Re: Corpora: corpora: idiosyncracy/typicality

Marco Antonio Esteves da Rocha (marcor@cce.ufsc.br)
Fri, 3 Dec 1999 09:32:52 -0600 (CST)

On Fri, 3 Dec 1999, David Carlson wrote:

> I recall reading about a study of the work that went into the compilation of
> the OED, and about how the attention of the compilers was attracted more
> toward idosyncratic usage rather than toward examples of typical use. I
> can't recall where I read this, however.
> Does anyone have more information (either about the OED-related study, or
> about other documented examples)?

The specific mention, as I remember, refers to the attention of the
hundreds of readers who volunteered to help in the collection of citations
for the OED, which were sent to Murray from all over England and abroad.
Murray complains:

The editor or his assistants have to search for precious hours for
examples of common words, which readers passed by...Thus, of ABUSION we
found in the slips about 50 instances; of ABUSE not five. (James Augustus
Henry Murray, Presidential Address, Philological Society Transactions
1877-9, pp.571-2, quoted by Murray, K. 1977, Caught in the Web of
Words: James Murray and the Oxford English Dictionary, Yale
University Press, p.178).

This was quoted by Church and Mercer (1993) in the Introduction to the
Special Issue on Computational Linguistics Using Large Corpora,
Computational Linguistics, Volume 19, Number 1, p.17, in the section where
the authors compare citation indexes to modern corpora. The quote is
followed by an analysis of sampling problems often found in citation
indexes, which are `skewed away from the "central and typical" facts of
language' that every speaker is expected to know'.

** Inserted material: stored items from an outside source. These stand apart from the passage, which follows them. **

(* Let $n\ge1$, let $\mathcal{I}\in\{\mathcal{N},\mathcal{M}\}$ and let $\kappa$ be a cardinal. If $\mathrm{cov}(\mathcal{I})=\mathrm{cof}(\mathcal{I})=\kappa$, then there exists a linear subspace $H$ of $\mathbb{R}^n$, considered as a vector space over $\mathbb{Q}$, which is a $\kappa$-Luzin set for $\mathcal{I}$.
   Context: $\mathcal{N}$ is the $\sigma$-ideal of Lebesgue null subsets of $\mathbb{R}^n$, and $\mathcal{M}$ is the $\sigma$-ideal of meager subsets of $\mathbb{R}^n$. $\mathrm{cov}(\mathcal{I})=\min\{|\mathcal{F}|:\mathcal{F}\subseteq\mathcal{I},\ \bigcup\mathcal{F}=\mathbb{R}^n\}$. $\mathrm{cof}(\mathcal{I})=\min\{|\mathcal{F}|:\mathcal{F}\subseteq\mathcal{I},\ \forall A\in\mathcal{I}\ \exists B\in\mathcal{F}\ A\subseteq B\}$. A $\kappa$-Luzin set for $\mathcal{I}$ is a set $L\subseteq\mathbb{R}^n$ with $|L|\ge\kappa$ such that $|L\cap B|<\kappa$ for every $B\in\mathcal{I}$. *)

theory Defs
  imports "HOL-Analysis.Analysis"
begin


text \<open>Lebesgue null subsets of R^n (lebesgue is the completed measure, so these are
  exactly the sets of outer measure zero).\<close>
definition null_ideal :: "('a::euclidean_space) set set" where
  "null_ideal = {A. A \<in> null_sets lebesgue}"

definition nowhere_dense :: "('a::topological_space) set \<Rightarrow> bool" where
  "nowhere_dense A \<longleftrightarrow> interior (closure A) = {}"
(* Let $G$ be a countable discrete group, $C$ a subgroup, $\lambda$ a one-dimensional representation of $C$, and $\rho$ a $*$-representation of $C^*(G)$ such that $\rho(c) = \lambda(c)1$ for all $c\in C$. Then $\ker \Lambda_{\tilde\lambda} \cap \mathbb C G \subseteq \ker \rho \cap \mathbb C G$.
   Context: $C^*(G)$ is the full group C*-algebra and $\mathbb C G\subset C^*(G)$ the group algebra. A one-dimensional representation is a homomorphism to the unit circle. $\tilde\lambda: G\to\mathbb C$ is $\lambda$ on $C$ and $0$ off $C$; it is positive definite and extends to a state on $C^*(G)$, and $\Lambda_{\tilde\lambda}$ is the associated GNS representation of $C^*(G)$. *)

theory Defs
  imports "HOL-Analysis.Analysis" "HOL-Algebra.Group"
begin

definition group_alg :: "('g, 'b) monoid_scheme \<Rightarrow> ('g \<Rightarrow> complex) set" where
  "group_alg G = {a. finite {g. a g \<noteq> 0} \<and> {g. a g \<noteq> 0} \<subseteq> carrier G}"

definition ga_mult :: "('g, 'b) monoid_scheme \<Rightarrow> ('g \<Rightarrow> complex) \<Rightarrow> ('g \<Rightarrow> complex) \<Rightarrow> ('g \<Rightarrow> complex)" where
  "ga_mult G a b = (\<lambda>g. if g \<in> carrier G
      then (\<Sum>h\<in>{h. a h \<noteq> 0}. a h * b (inv\<^bsub>G\<^esub> h \<otimes>\<^bsub>G\<^esub> g)) else 0)"
(* For every $m\ge3$ there exists $r_0(m)$ such that for all $r\ge r_0(m)$ there is no $r$-perfect code in $(\mathbb Z^m,d_a)$.
   Context: $d_a(\mathbf x,\mathbf y)=\max\{\sum_{i:x_i>y_i}(x_i-y_i),\sum_{i:x_i<y_i}(y_i-x_i)\}$ on $\mathbb Z^m$. A code $\mathcal C\subseteq\mathbb Z^m$ is $r$-perfect if the balls $\{\mathbf y: d_a(\mathbf y,\mathbf x)\le r\}$, $\mathbf x\in\mathcal C$, are pairwise disjoint and their union is $\mathbb Z^m$. *)

theory Defs
  imports Main
begin

(* Z^m is represented as integer functions on nat that vanish outside {..<m}. *)
definition Zm :: "nat \<Rightarrow> (nat \<Rightarrow> int) set" where
  "Zm m = {x. \<forall>i\<ge>m. x i = 0}"

definition d_a :: "nat \<Rightarrow> (nat \<Rightarrow> int) \<Rightarrow> (nat \<Rightarrow> int) \<Rightarrow> int" where
  "d_a m x y = max (\<Sum>i\<in>{i. i < m \<and> x i > y i}. x i - y i)
                   (\<Sum>i\<in>{i. i < m \<and> x i < y i}. y i - x i)"

definition ball_a :: "nat \<Rightarrow> nat \<Rightarrow> (nat \<Rightarrow> int) \<Rightarrow> (nat \<Rightarrow> int) set" where
  "ball_a m r x = {y \<in> Zm m. d_a m y x \<le> int r}"

definition perfect_code :: "nat \<Rightarrow> nat \<Rightarrow> (nat \<Rightarrow> int) set \<Rightarrow> bool" where
  "perfect_code m r C \<longleftrightarrow> C \<subseteq> Zm m \<and>
     (\<forall>x\<in>C. \<forall>x'\<in>C. x \<noteq> x' \<longrightarrow> ball_a m r x \<inter> ball_a m r x' = {}) \<and>
     (\<Union>x\<in>C. ball_a m r x) = Zm m"

end

theory Submission
  imports Defs
begin

text \<open>
  Twice \<open>d_a(x, y)\<close> is the norm \<open>\<Sum>\<bar>x\<^sub>i - y\<^sub>i\<bar> + \<bar>\<Sum>(x\<^sub>i - y\<^sub>i)\<bar>\<close>, which
  takes even values and is geodesic (it decreases by 2 along suitable unit steps), so distinct
  codewords of an \<open>r\<close>-perfect code lie at norm distance at least \<open>4r + 2\<close>.
  Fix a codeword \<open>b\<close>. A point \<open>b + x\<close> with all \<open>x\<^sub>i \<ge> 1\<close> and \<open>\<Sum>x\<^sub>i = r + 1\<close> lies just
  outside the ball around \<open>b\<close>, and the codeword covering it has the form \<open>b + y\<close> with \<open>y \<ge> x\<close>
  and \<open>\<Sum>y\<^sub>i = 2r + 1\<close>. Two such codewords are too close to be distinct, so one codeword
  covers all these points. Taking for \<open>x\<close> the vectors with one entry \<open>r + 2 - m\<close> and all
  others \<open>1\<close>, its coordinate sum exceeds \<open>2r + 1\<close> as soon as \<open>m \<ge> 3\<close> and \<open>r \<ge> 2m\<close>.
\<close>

definition asym_norm :: "nat \<Rightarrow> (nat \<Rightarrow> int) \<Rightarrow> int" where
  "asym_norm m v = (\<Sum>i<m. \<bar>v i\<bar>) + \<bar>\<Sum>i<m. v i\<bar>"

In Francis' contribution to Directions in Corpus Linguistics (1992), Jan
Svartvik (ed.), called Language Corpora B.C., there is a more detailed
discussion of the methods used for the collection of the citation index
used in the elaboration of the OED. Further information about these
methods and the collection process can be found in Murray (1977),
mentioned above.

Marco Rocha
marcor@cce.ufsc.br